As you can see in the sketch. There are select menus for which data to look at, which data to group by, and a date filter. These are used to filter and query the data.
The idea was for the interface to be exploratory. In the sketch below, the idea is that the user decides to change the group by parameter to get another perspective on a particular query.
I spent a good amount of time working on the project. However, a lot of time was spent exploring protovis as well as writing server-side code to communicate via JSON. I think now that I have a framework in place, it would be easier to add features and make a more refined version of this project.
Changes between concept and implementation
I added a few features. For example, you will see below that there is a table that populates in addition to the graphics. This came later, as a result of wanted to know what Web page is associated with given data. Additionally, I added a color frequency control which you will find below. I also added the ability to change the limit of records, which was not in my original sketch.

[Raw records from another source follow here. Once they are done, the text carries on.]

(* If an infinite binary word $w$ is not weak abelian periodic, then the frequencies of letters in $w$ exist.
   Context: For a finite word $u$, $|u|_a$ is the number of occurrences of the letter $a$ in $u$, and $\rho_a(u)=|u|_a/|u|$ for nonempty $u$. The frequency of a letter $a$ in an infinite word $w$ is $\lim_{n\to\infty}\rho_a(\mathrm{pref}_n(w))$ (if it exists), with $\mathrm{pref}_n(w)$ the prefix of length $n$. An infinite word $w$ over $\Sigma$ is weak abelian periodic if $w=v_0v_1v_2\cdots$ with $v_0$ finite and $v_1,v_2,\dots$ nonempty finite words such that $\rho_a(v_i)=\rho_a(v_j)$ for all $a\in\Sigma$ and all $i,j\ge1$. *)

theory Defs
  imports Complex_Main
begin

definition occ :: "'a list \<Rightarrow> 'a \<Rightarrow> nat" where
  "occ u a = count_list u a"

definition rho :: "'a \<Rightarrow> 'a list \<Rightarrow> real" where
  "rho a u = real (occ u a) / real (length u)"

definition pref :: "nat \<Rightarrow> (nat \<Rightarrow> 'a) \<Rightarrow> 'a list" where
  "pref n w = map w [0..<n]"

definition frequency_exists :: "(nat \<Rightarrow> 'a) \<Rightarrow> 'a \<Rightarrow> bool" where
  "frequency_exists w a = convergent (\<lambda>n. rho a (pref n w))"

text \<open>w = v 0 \<cdot> v 1 \<cdot> v 2 \<cdots> (v 0 plays the role of the finite prefix v_0).\<close>
definition is_infinite_concat :: "(nat \<Rightarrow> 'a) \<Rightarrow> (nat \<Rightarrow> 'a list) \<Rightarrow> bool" where
  "is_infinite_concat w v =
     (\<forall>k. let u = concat (map v [0..<k]) in pref (length u) w = u)"

definition weak_abelian_periodic :: "(nat \<Rightarrow> 'a) \<Rightarrow> bool" where
  "weak_abelian_periodic w =
     (\<exists>v. is_infinite_concat w v \<and> (\<forall>i\<ge>1. v i \<noteq> []) \<and>
          (\<forall>a i j. i \<ge> 1 \<longrightarrow> j \<ge> 1 \<longrightarrow> rho a (v i) = rho a (v j)))"

end

theory Submission
  imports Defs "HOL-Library.Extended_Real" "HOL-Library.Liminf_Limsup"
begin

text \<open>
  If the frequency of a letter a does not exist, the densities of a in the prefixes oscillate
  around some rational p/q. The integer-valued balance q |pref n w|_a - p n then grows by at most
  q - p per step and is infinitely often non-positive and infinitely often positive, so it
  crosses the bounded window (p - q, 0] infinitely often and hence takes some value c
  infinitely often. Between two times with balance c the factor of w has a-density exactly p/q
  (and, the alphabet being binary, the density of the other letter is 1 - p/q), so cutting w
  at these times exhibits it as weak abelian periodic.
\<close>

lemma bounded_nonconvergent_oscillates:
  fixes x :: "nat \<Rightarrow> real"
  assumes "Bseq x" and "\<not> convergent x"
  obtains r where "r \<in> \<rat>" "infinite {n. x n < r}" "infinite {n. r < x n}"
proof -
  obtain K where bound: "\<And>n. \<bar>x n\<bar> \<le> K" using BseqE[OF assms(1)] by auto
  have K: "- K \<le> x n" "x n \<le> K" for n using bound[of n] by linarith+
  define L where "L = liminf (\<lambda>n. ereal (x n))"
  define U where "U = limsup (\<lambda>n. ereal (x n))"
  have "ereal (- K) \<le> L"
    unfolding L_def by (intro Liminf_bounded always_eventually) (simp add: K)
  moreover have "U \<le> ereal K"
    unfolding U_def by (intro Limsup_bounded always_eventually) (simp add: K)
  moreover have "L \<le> U" unfolding L_def U_def by (rule Liminf_le_Limsup) simp
  ultimately obtain l u where l: "L = ereal l" and u: "U = ereal u"
    by (cases L; cases U) auto
  have "l < u"
  proof (rule ccontr)
    assume "\<not> l < u"
    with \<open>L \<le> U\<close> l u have "(\<lambda>n. ereal (x n)) \<longlonglongrightarrow> ereal l"
      by (intro Liminf_eq_Limsup) (auto simp: L_def U_def)
    with assms(2) show False by (auto simp: convergent_def)
  qed
  then obtain r where r: "r \<in> \<rat>" "l < r" "r < u" using Rats_dense_in_real by blast
  have "infinite {n. x n < r}"
  proof
    assume "finite {n. x n < r}"
    hence "eventually (\<lambda>n. ereal r \<le> ereal (x n)) sequentially"
      by (auto simp: cofinite_eq_sequentially[symmetric] eventually_cofinite not_le)
    hence "ereal r \<le> L" unfolding L_def by (rule Liminf_bounded)
    with l r show False by simp
  qed
  moreover have "infinite {n. r < x n}"
  proof
    assume "finite {n. r < x n}"
    hence "eventually (\<lambda>n. ereal (x n) \<le> ereal r) sequentially"
      by (auto simp: cofinite_eq_sequentially[symmetric] eventually_cofinite not_le)
    hence "U \<le> ereal r" unfolding U_def by (rule Limsup_bounded)
    with u r show False by simp
  qed
  ultimately show thesis using r(1) that by blast
qed

lemma bounded_step_upcrossing:
  fixes g :: "nat \<Rightarrow> int"
  assumes step: "\<And>n. g (Suc n) \<le> g n + d" and "g m \<le> 0" and "m < k" and "0 < g k"
  shows "\<exists>n. m \<le> n \<and> n < k \<and> - d < g n \<and> g n \<le> 0"
  using assms(3,4)
proof (induction k)
  case 0
  then show ?case by simp
next
  case (Suc k)
  show ?case
  proof (cases "g k \<le> 0")
    case True
    with step[of k] Suc.prems show ?thesis by (intro exI[of _ k]) auto
  next
    case False
    with \<open>g m \<le> 0\<close> Suc.prems have "m < k" by (cases "m = k") auto
    with Suc.IH False show ?thesis by force
  qed
qed

text \<open>Every upcrossing of 0 passes through the finite window (-d, 0], so some value in it recurs.\<close>

lemma bounded_step_walk_recurrent_value:
  fixes g :: "nat \<Rightarrow> int"
  assumes step: "\<And>n. g (Suc n) \<le> g n + d"
    and nonpos: "infinite {n. g n \<le> 0}" and pos: "infinite {n. 0 < g n}"
  obtains c where "infinite {n. g n = c}"
proof -
  define S where "S = {n. g n \<in> {- d<..0}}"
  have "\<exists>n\<ge>N. n \<in> S" for N
  proof -
    obtain m where "m \<ge> N" "g m \<le> 0"
      using nonpos by (auto simp: infinite_nat_iff_unbounded_le)
    moreover obtain k where "m < k" "0 < g k"
      using pos unfolding infinite_nat_iff_unbounded_le by (metis Suc_le_eq mem_Collect_eq)
    ultimately obtain n where "m \<le> n" "- d < g n" "g n \<le> 0"
      using bounded_step_upcrossing[of g d, OF step] by blast
    with \<open>m \<ge> N\<close> show ?thesis by (intro exI[of _ n]) (auto simp: S_def)
  qed
  hence "infinite S" by (simp add: infinite_nat_iff_unbounded_le)
  moreover have "finite (g ` S)"
    by (rule finite_subset[of _ "{- d<..0}"]) (auto simp: S_def)
  ultimately obtain n0 where "infinite {n \<in> S. g n = g n0}"
    using pigeonhole_infinite by blast
  hence "infinite {n. g n = g n0}" by (rule infinite_super[rotated]) auto
  then show thesis by (rule that)
qed

lemma length_pref [simp]: "length (pref n w) = n"
  by (simp add: pref_def)

lemma pref_append_factor: "s \<le> t \<Longrightarrow> pref t w = pref s w @ map w [s..<t]"
  unfolding pref_def by (metis map_append le_add_diff_inverse upt_add_eq_append zero_le)

lemma occ_pref_append_factor:
  "s \<le> t \<Longrightarrow> occ (pref t w) a = occ (pref s w) a + occ (map w [s..<t]) a"
  by (simp add: occ_def pref_append_factor[of s t w])

lemma occ_pref_Suc: "occ (pref (Suc n) w) a = occ (pref n w) a + (if w n = a then 1 else 0)"
  using occ_pref_append_factor[of n "Suc n" w a] by (simp add: occ_def)

lemma rho_bounds: "0 \<le> rho a u" "rho a u \<le> 1"
  unfolding rho_def occ_def
  by (simp_all add: count_le_length divide_le_eq_1)

lemma
  fixes p q :: int
  assumes "u \<noteq> []" and "0 < q"
  shows rho_less_rat_iff:
      "rho a u < of_int p / of_int q \<longleftrightarrow> q * int (occ u a) < p * int (length u)"
    and rat_less_rho_iff:
      "of_int p / of_int q < rho a u \<longleftrightarrow> p * int (length u) < q * int (occ u a)"
    and rho_eq_rat_iff:
      "rho a u = of_int p / of_int q \<longleftrightarrow> q * int (occ u a) = p * int (length u)"
proof -
  have l: "0 < real (length u)" and q: "0 < real_of_int q" using assms by simp_all
  have "rho a u < of_int p / of_int q \<longleftrightarrow>
      real_of_int (q * int (occ u a)) < real_of_int (p * int (length u))"
    unfolding rho_def using l q by (simp add: field_simps)
  then show "rho a u < of_int p / of_int q \<longleftrightarrow> q * int (occ u a) < p * int (length u)"
    by (simp only: of_int_less_iff)
  have "of_int p / of_int q < rho a u \<longleftrightarrow>
      real_of_int (p * int (length u)) < real_of_int (q * int (occ u a))"
    unfolding rho_def using l q by (simp add: field_simps)
  then show "of_int p / of_int q < rho a u \<longleftrightarrow> p * int (length u) < q * int (occ u a)"
    by (simp only: of_int_less_iff)
  have "rho a u = of_int p / of_int q \<longleftrightarrow>
      real_of_int (q * int (occ u a)) = real_of_int (p * int (length u))"
    unfolding rho_def using l q by (simp add: field_simps)
  then show "rho a u = of_int p / of_int q \<longleftrightarrow> q * int (occ u a) = p * int (length u)"
    by (simp only: of_int_eq_iff)
qed

lemma rho_not_bool: "u \<noteq> [] \<Longrightarrow> rho (\<not> a) u = 1 - rho a (u :: bool list)"
proof -
  assume "u \<noteq> []"
  have "occ u (\<not> a) + occ u a = length u"
    unfolding occ_def by (induction u) auto
  hence "real (occ u (\<not> a)) = real (length u) - real (occ u a)" by linarith
  with \<open>u \<noteq> []\<close> show ?thesis
    unfolding rho_def by (simp add: diff_divide_distrib)
qed

definition balance :: "int \<Rightarrow> int \<Rightarrow> 'a \<Rightarrow> (nat \<Rightarrow> 'a) \<Rightarrow> nat \<Rightarrow> int" where
  "balance p q a w n = q * int (occ (pref n w) a) - p * int n"

lemma balance_Suc_le: "0 < q \<Longrightarrow> balance p q a w (Suc n) \<le> balance p q a w n + (q - p)"
  by (simp add: balance_def occ_pref_Suc algebra_simps)

lemma
  fixes p q :: int
  assumes "0 < n" and "0 < q"
  shows rho_pref_less_rat_iff: "rho a (pref n w) < of_int p / of_int q \<longleftrightarrow> balance p q a w n < 0"
    and rat_less_rho_pref_iff: "of_int p / of_int q < rho a (pref n w) \<longleftrightarrow> 0 < balance p q a w n"
proof -
  have "pref n w \<noteq> []" using assms(1) by (simp add: pref_def)
  from rho_less_rat_iff[OF this assms(2)] rat_less_rho_iff[OF this assms(2)]
  show "rho a (pref n w) < of_int p / of_int q \<longleftrightarrow> balance p q a w n < 0"
    and "of_int p / of_int q < rho a (pref n w) \<longleftrightarrow> 0 < balance p q a w n"
    by (simp_all add: balance_def)
qed

lemma rho_factor_eq_rat_if_balance_eq:
  fixes p q :: int
  assumes "s < t" and "0 < q" and "balance p q a w s = balance p q a w t"
  shows "rho a (map w [s..<t]) = of_int p / of_int q"
proof -
  define u where "u = map w [s..<t]"
  have "int (occ (pref t w) a) = int (occ (pref s w) a) + int (occ u a)"
    using occ_pref_append_factor[of s t w a] \<open>s < t\<close> by (simp add: u_def)
  moreover have "p * int (length u) = p * int t - p * int s"
    using \<open>s < t\<close> by (simp add: u_def of_nat_diff right_diff_distrib)
  ultimately have "q * int (occ u a) = p * int (length u)"
    using assms(3) by (simp add: balance_def algebra_simps)
  moreover have "u \<noteq> []" using \<open>s < t\<close> by (simp add: u_def)
  ultimately show ?thesis
    unfolding u_def[symmetric] by (simp add: rho_eq_rat_iff[OF _ assms(2)])
qed

lemma weak_abelian_periodic_if_uniform_factors:
  assumes "infinite T"
    and uniform: "\<And>a s t. s \<in> T \<Longrightarrow> t \<in> T \<Longrightarrow> s < t \<Longrightarrow> rho a (map w [s..<t]) = f a"
  shows "weak_abelian_periodic w"
proof -
  define e where "e = enumerate T"
  have e_in: "e i \<in> T" for i using enumerate_in_set[OF assms(1)] by (simp add: e_def)
  have e_step: "e i < e (Suc i)" for i using enumerate_step[OF assms(1)] by (simp add: e_def)
  define v where "v i = (if i = 0 then pref (e 0) w else map w [e (i - 1)..<e i])" for i
  have concat_v: "concat (map v [0..<Suc k]) = pref (e k) w" for k
  proof (induction k)
    case 0
    then show ?case by (simp add: v_def)
  next
    case (Suc k)
    then show ?case
      using pref_append_factor[OF less_imp_le[OF e_step], of k w] by (simp add: v_def)
  qed
  have "is_infinite_concat w v"
    unfolding is_infinite_concat_def Let_def
  proof
    fix k
    show "pref (length (concat (map v [0..<k]))) w = concat (map v [0..<k])"
      by (cases k) (simp add: pref_def, simp only: concat_v length_pref)
  qed
  moreover have "v i \<noteq> []" if "i \<ge> 1" for i
    using that e_step[of "i - 1"] by (simp add: v_def)
  moreover have "rho a (v i) = f a" if "i \<ge> 1" for a i
    using that uniform[OF e_in e_in e_step[of "i - 1"]] by (simp add: v_def)
  ultimately show ?thesis
    unfolding weak_abelian_periodic_def by metis
qed

lemma weak_abelian_periodic_if_no_frequency:
  fixes w :: "nat \<Rightarrow> bool"
  assumes "\<not> frequency_exists w a"
  shows "weak_abelian_periodic w"
proof -
  define x where "x = (\<lambda>n. rho a (pref n w))"
  have "Bseq x" by (rule BseqI'[of _ 1]) (simp add: x_def rho_bounds)
  moreover have "\<not> convergent x" using assms by (simp add: frequency_exists_def x_def)
  ultimately obtain r where "r \<in> \<rat>"
    and below: "infinite {n. x n < r}" and above: "infinite {n. r < x n}"
    by (rule bounded_nonconvergent_oscillates)
  then obtain p q :: int where q: "0 < q" and r: "r = of_int p / of_int q"
    using Rats_cases' by metis
  let ?g = "balance p q a w"
  have "infinite {n. ?g n \<le> 0}"
    by (rule infinite_super[of "{n. x n < r} - {0}"])
      (use below q in \<open>auto simp: x_def r rho_pref_less_rat_iff\<close>)
  moreover have "infinite {n. 0 < ?g n}"
    by (rule infinite_super[of "{n. r < x n} - {0}"])
      (use above q in \<open>auto simp: x_def r rat_less_rho_pref_iff\<close>)
  ultimately obtain c where level: "infinite {n. ?g n = c}"
    using bounded_step_walk_recurrent_value balance_Suc_le[OF q] by metis
  have "rho b (map w [s..<t]) = (if b = a then r else 1 - r)"
    if "s \<in> {n. ?g n = c}" "t \<in> {n. ?g n = c}" "s < t" for b s t
  proof -
    have "?g s = ?g t" using that by simp
    with \<open>s < t\<close> q have "rho a (map w [s..<t]) = r"
      unfolding r by (rule rho_factor_eq_rat_if_balance_eq)
    moreover have "map w [s..<t] \<noteq> []" using \<open>s < t\<close> by simp
    moreover have "b = a \<or> b = (\<not> a)" by auto
    ultimately show ?thesis using rho_not_bool by auto
  qed
  with level show ?thesis by (rule weak_abelian_periodic_if_uniform_factors)
qed

theorem corollary1:
  fixes w :: "nat \<Rightarrow> bool"
  assumes "\<not> weak_abelian_periodic w"
  shows "\<forall>a. frequency_exists w a"
  using weak_abelian_periodic_if_no_frequency assms by blast

end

The first thing you will see is a form:
Once you submit the form, you will notice that it populates a table, providing the user with the name of the files or users which were grouped by, and an associated link if the user wishes to explore what page this data is referring to on the website.
A few considerations were made for accessibility. For example, you can bookmark the page because it uses the GET parameters to create the graphics. This makes it so you can send a graphic to a colleague or friend.
Graphics and Queries
The graph contains labels that are associated with the data. At the top of each bar is the value of the column data. That is, it is the number of hits or number of downloads of a page/file or user. Depending on the data, you will see a black label vertically aligned representing the name of the data. For example, in the figure below, you will see the page named "Tornado : tornado.hip" when querying for downloads grouped by files. What this means is that the "tornado.hip" on the Web page "Tornado" is the most downloaded.
By default, all queries are ordered by hits in descending order. This is currently a limitation on the software, but could easily be added as another option.
Some Controls and Filters
As mentioned above, filtering was an important option for being able to explore the data set. A few considerations were given: data grouping, color, date, and number of records. Other variables could be added in future implementations.
After a few iterations, I realized it may be nice to change the color of the individual columns. So I added a color frequency that can be changed by the user to create different color schemes.
The user also has the ability to change the limit on the number of records. I set the max of this to 100 for security reasons on the server side.
Grouping was necessary because it can give you information about the same pieces of data from different perspectives. What downloads were most popular? What users downloaded the most files? Which pages were visited most and which users are visiting those pages?
Overall, it's been fun to look at the different data. Although, I think I would add more features. For one, I would want to inspect the data directly on the graph itself as opposed to a form. Additionally, giving the ability for the user to get rid of outliers or query for data on specific files would be nice.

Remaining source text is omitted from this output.